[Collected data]
=== Section Start ===
lemma ireg_step_contraction:
  fixes F H :: "'a::euclidean_space \<Rightarrow> 'a"
  assumes F_mono: "monotone_map DF F" and F_lip: "LF-lipschitz_on DF F"
    and H_strong: "strongly_monotone_map \<mu> DH H" and H_lip: "LH-lipschitz_on DH H"
    and \<mu>: "0 < \<mu>" and \<eta>: "0 < \<eta>" and lam: "0 < lam" "lam * (LF + \<eta> * LH) < 1"
    and X: "closed X" "convex X" and \<Omega>: "closed \<Omega>" "convex \<Omega>"
    and X_sub: "X \<subseteq> \<Omega>" and \<Omega>_sub: "\<Omega> \<subseteq> DF \<inter> DH"
    and u: "u \<in> VI_sol F X"
    and y: "y = closest_point X (z - lam *\<^sub>R (F (closest_point \<Omega> z) + \<eta> *\<^sub>R H (closest_point \<Omega> z)))"
    and x': "x' = closest_point X (z - lam *\<^sub>R (F y + \<eta> *\<^sub>R H y))"
  shows "(norm (x' - u))\<^sup>2
    \<le> (1 - ireg_beta (LF + \<eta> * LH) \<eta> \<mu> lam) * (norm (z - u))\<^sup>2 - 2 * lam * \<eta> * inner (H u) (y - u)"
proof -
  define L where "L = LF + \<eta> * LH"
  define \<beta> where "\<beta> = ireg_beta L \<eta> \<mu> lam"
  have uX: "u \<in> X" and u_sol: "\<And>t. t \<in> X \<Longrightarrow> 0 \<le> inner (F u) (t - u)"
    using u unfolding VI_sol_def by auto
  have yX: "y \<in> X"
    unfolding y using X uX closest_point_in_set by blast
  have "L-lipschitz_on \<Omega> (\<lambda>v. F v + \<eta> *\<^sub>R H v)"
    unfolding L_def using \<eta> \<Omega>_sub
    by (intro lipschitz_on_add lipschitz_on_cmult_nonneg lipschitz_on_subset[OF F_lip]
        lipschitz_on_subset[OF H_lip]) auto
  from projected_extragradient_step[OF this X \<Omega> X_sub uX less_imp_le[OF lam(1)] y x']
  have extragradient: "(norm (x' - u))\<^sup>2 \<le> (norm (z - u))\<^sup>2 - (1 - lam\<^sup>2 * L\<^sup>2) * (norm (z - y))\<^sup>2
      + 2 * lam * inner (F y + \<eta> *\<^sub>R H y) (u - y)" .
  have F_part: "0 \<le> inner (F y - F u) (y - u)" "0 \<le> inner (F u) (y - u)"
    using F_mono u_sol yX uX X_sub \<Omega>_sub unfolding monotone_map_def by blast+
  have "\<mu> * (norm (y - u))\<^sup>2 \<le> inner (H y - H u) (y - u)"
    using H_strong yX uX X_sub \<Omega>_sub unfolding strongly_monotone_map_def by blast
  then have H_part: "\<eta> * (\<mu> * (norm (y - u))\<^sup>2) \<le> \<eta> * inner (H y - H u) (y - u)"
    using \<eta> by (intro mult_left_mono) auto
  have "inner (F y + \<eta> *\<^sub>R H y) (u - y) = - inner (F y - F u) (y - u) - inner (F u) (y - u)
      - \<eta> * inner (H y - H u) (y - u) - \<eta> * inner (H u) (y - u)"
    by (simp add: inner_diff inner_add_left algebra_simps)
  with F_part H_part have "inner (F y + \<eta> *\<^sub>R H y) (u - y)
      \<le> - \<eta> * \<mu> * (norm (y - u))\<^sup>2 - \<eta> * inner (H u) (y - u)"
    by linarith
  then have "2 * lam * inner (F y + \<eta> *\<^sub>R H y) (u - y)
      \<le> 2 * lam * (- \<eta> * \<mu> * (norm (y - u))\<^sup>2 - \<eta> * inner (H u) (y - u))"
    using lam by (intro mult_left_mono) auto
  with extragradient have descent: "(norm (x' - u))\<^sup>2 \<le> (norm (z - u))\<^sup>2
      - ((1 - lam\<^sup>2 * L\<^sup>2) * (norm (z - y))\<^sup>2 + 2 * lam * \<eta> * \<mu> * (norm (y - u))\<^sup>2)
      - 2 * lam * \<eta> * inner (H u) (y - u)"
    by (simp add: algebra_simps)
  have "0 \<le> L"
    unfolding L_def using lipschitz_on_nonneg[OF F_lip] lipschitz_on_nonneg[OF H_lip] \<eta> by simp
  then have "(lam * L)\<^sup>2 < 1"
    using lam unfolding L_def[symmetric] by (simp add: power_less_one_iff abs_if)
  then have c1: "0 < 1 - lam\<^sup>2 * L\<^sup>2"
    by (simp add: power_mult_distrib)
  have c2: "0 < 2 * lam * \<eta> * \<mu>"
    using lam \<eta> \<mu> by simp
  have "(norm (z - u))\<^sup>2 \<le> (norm (z - y) + norm (y - u))\<^sup>2"
    using norm_triangle_ineq[of "z - y" "y - u"] by (simp add: power_mono)
  moreover have "0 \<le> \<beta>"
    using c1 c2 unfolding \<beta>_def ireg_beta_def by simp
  ultimately have "\<beta> * (norm (z - u))\<^sup>2 \<le> \<beta> * (norm (z - y) + norm (y - u))\<^sup>2"
    by (rule mult_left_mono)
  also have "\<dots> \<le> (1 - lam\<^sup>2 * L\<^sup>2) * (norm (z - y))\<^sup>2 + 2 * lam * \<eta> * \<mu> * (norm (y - u))\<^sup>2"
    unfolding \<beta>_def ireg_beta_def using c1 c2 by (rule inverse_sum_inverse_mult_square_le)
  finally have "\<beta> * (norm (z - u))\<^sup>2
      \<le> (1 - lam\<^sup>2 * L\<^sup>2) * (norm (z - y))\<^sup>2 + 2 * lam * \<eta> * \<mu> * (norm (y - u))\<^sup>2" .
  with descent have "(norm (x' - u))\<^sup>2 \<le> (1 - \<beta>) * (norm (z - u))\<^sup>2 - 2 * lam * \<eta> * inner (H u) (y - u)"
    by (simp add: left_diff_distrib)
  then show ?thesis
    unfolding \<beta>_def L_def .
qed

lemma norm_inertial_point_le:
  fixes x x' u :: "'a::real_inner"
  assumes "0 \<le> \<alpha>" "\<alpha> \<le> 1" "norm (x - x') \<le> D"
  shows "(norm (x + \<alpha> *\<^sub>R (x - x') - u))\<^sup>2
    \<le> (norm (x - u))\<^sup>2 + \<alpha> * ((norm (x - u))\<^sup>2 - (norm (x' - u))\<^sup>2) + 2 * \<alpha> * D\<^sup>2"
proof -
  have "(norm (x + \<alpha> *\<^sub>R (x - x') - u))\<^sup>2 = (norm (x - u))\<^sup>2
      + \<alpha> * ((norm (x - u))\<^sup>2 - (norm (x' - u))\<^sup>2) + \<alpha> * (1 + \<alpha>) * (norm (x - x'))\<^sup>2"
    by (simp add: power2_norm_eq_inner inner_diff inner_add inner_commute algebra_simps)
  moreover have "\<alpha> * (1 + \<alpha>) * (norm (x - x'))\<^sup>2 \<le> \<alpha> * 2 * D\<^sup>2"
    using assms by (intro mult_mono power_mono) auto
  ultimately show ?thesis
    by simp
qed

text \<open>The inertial terms \<open>c j (a j - a (j - 1))\<close> do not telescope; the defect is absorbed because
  \<open>c\<close> is nonincreasing with \<open>c 0 \<le> 1\<close> and \<open>a\<close> takes values in \<open>[0, D]\<close>. Note \<open>a (0 - 1) = a 0\<close>.\<close>
lemma inertial_weighted_sum_le:
  fixes a q c r :: "nat \<Rightarrow> real"
  assumes a: "\<And>j. 0 \<le> a j" "\<And>j. a j \<le> D"
    and q: "q 0 = 1" "\<And>j. 0 \<le> q j"
    and c: "\<And>j. 0 \<le> c j" "c 0 \<le> 1" "\<And>j. c (Suc j) \<le> c j"
    and step: "\<And>j. q (Suc j) * a (Suc j) + r j \<le> q j * a j + c j * (a j - a (j - 1)) + 2 * c j * D"
  shows "(\<Sum>j<k. r j) \<le> (2 * real k + 1) * D"
proof -
  have c_le_1: "c j \<le> 1" for j
  proof (induction j)
    case (Suc j)
    then show ?case using c(3)[of j] by linarith
  qed (use c in simp)
  have invariant: "q k * a k - c k * a (k - 1) + (\<Sum>j<k. r j) \<le> (2 * real k + 1) * D - c k * D" for k
  proof (induction k)
    case 0
    have "(1 - c 0) * a 0 \<le> (1 - c 0) * D"
      using a c by (intro mult_left_mono) auto
    then show ?case
      using q(1) by (simp add: algebra_simps)
  next
    case (Suc k)
    have "(c k - c (Suc k)) * a k \<le> (c k - c (Suc k)) * D"
      using a c by (intro mult_left_mono) auto
    moreover have "c k * D \<le> 1 * D"
      using c_le_1[of k] a(1)[of 0] a(2)[of 0] by (intro mult_right_mono) auto
    moreover have "(\<Sum>j<Suc k. r j) = (\<Sum>j<k. r j) + r k"
      by simp
    ultimately show ?case
      using Suc.IH step[of k] by (simp add: algebra_simps)
  qed
  have "c k * a (k - 1) \<le> c k * D"
    using a c by (intro mult_left_mono) auto
  moreover have "0 \<le> q k * a k"
    using a q by simp
  ultimately show ?thesis
    using invariant[of k] c(1)[of k] by linarith
qed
=== Section End ===
## ASSIGNMENT
Your answer should be the lines from the one containing "fixes a q c" through the end of the records, both included, output exactly and with nothing added.

## ANSWER SECTION
  fixes a q c r :: "nat \<Rightarrow> real"
  assumes a: "\<And>j. 0 \<le> a j" "\<And>j. a j \<le> D"
    and q: "q 0 = 1" "\<And>j. 0 \<le> q j"
    and c: "\<And>j. 0 \<le> c j" "c 0 \<le> 1" "\<And>j. c (Suc j) \<le> c j"
    and step: "\<And>j. q (Suc j) * a (Suc j) + r j \<le> q j * a j + c j * (a j - a (j - 1)) + 2 * c j * D"
  shows "(\<Sum>j<k. r j) \<le> (2 * real k + 1) * D"
proof -
  have c_le_1: "c j \<le> 1" for j
  proof (induction j)
    case (Suc j)
    then show ?case using c(3)[of j] by linarith
  qed (use c in simp)
  have invariant: "q k * a k - c k * a (k - 1) + (\<Sum>j<k. r j) \<le> (2 * real k + 1) * D - c k * D" for k
  proof (induction k)
    case 0
    have "(1 - c 0) * a 0 \<le> (1 - c 0) * D"
      using a c by (intro mult_left_mono) auto
    then show ?case
      using q(1) by (simp add: algebra_simps)
  next
    case (Suc k)
    have "(c k - c (Suc k)) * a k \<le> (c k - c (Suc k)) * D"
      using a c by (intro mult_left_mono) auto
    moreover have "c k * D \<le> 1 * D"
      using c_le_1[of k] a(1)[of 0] a(2)[of 0] by (intro mult_right_mono) auto
    moreover have "(\<Sum>j<Suc k. r j) = (\<Sum>j<k. r j) + r k"
      by simp
    ultimately show ?case
      using Suc.IH step[of k] by (simp add: algebra_simps)
  qed
  have "c k * a (k - 1) \<le> c k * D"
    using a c by (intro mult_left_mono) auto
  moreover have "0 \<le> q k * a k"
    using a q by simp
  ultimately show ?thesis
    using invariant[of k] c(1)[of k] by linarith
qed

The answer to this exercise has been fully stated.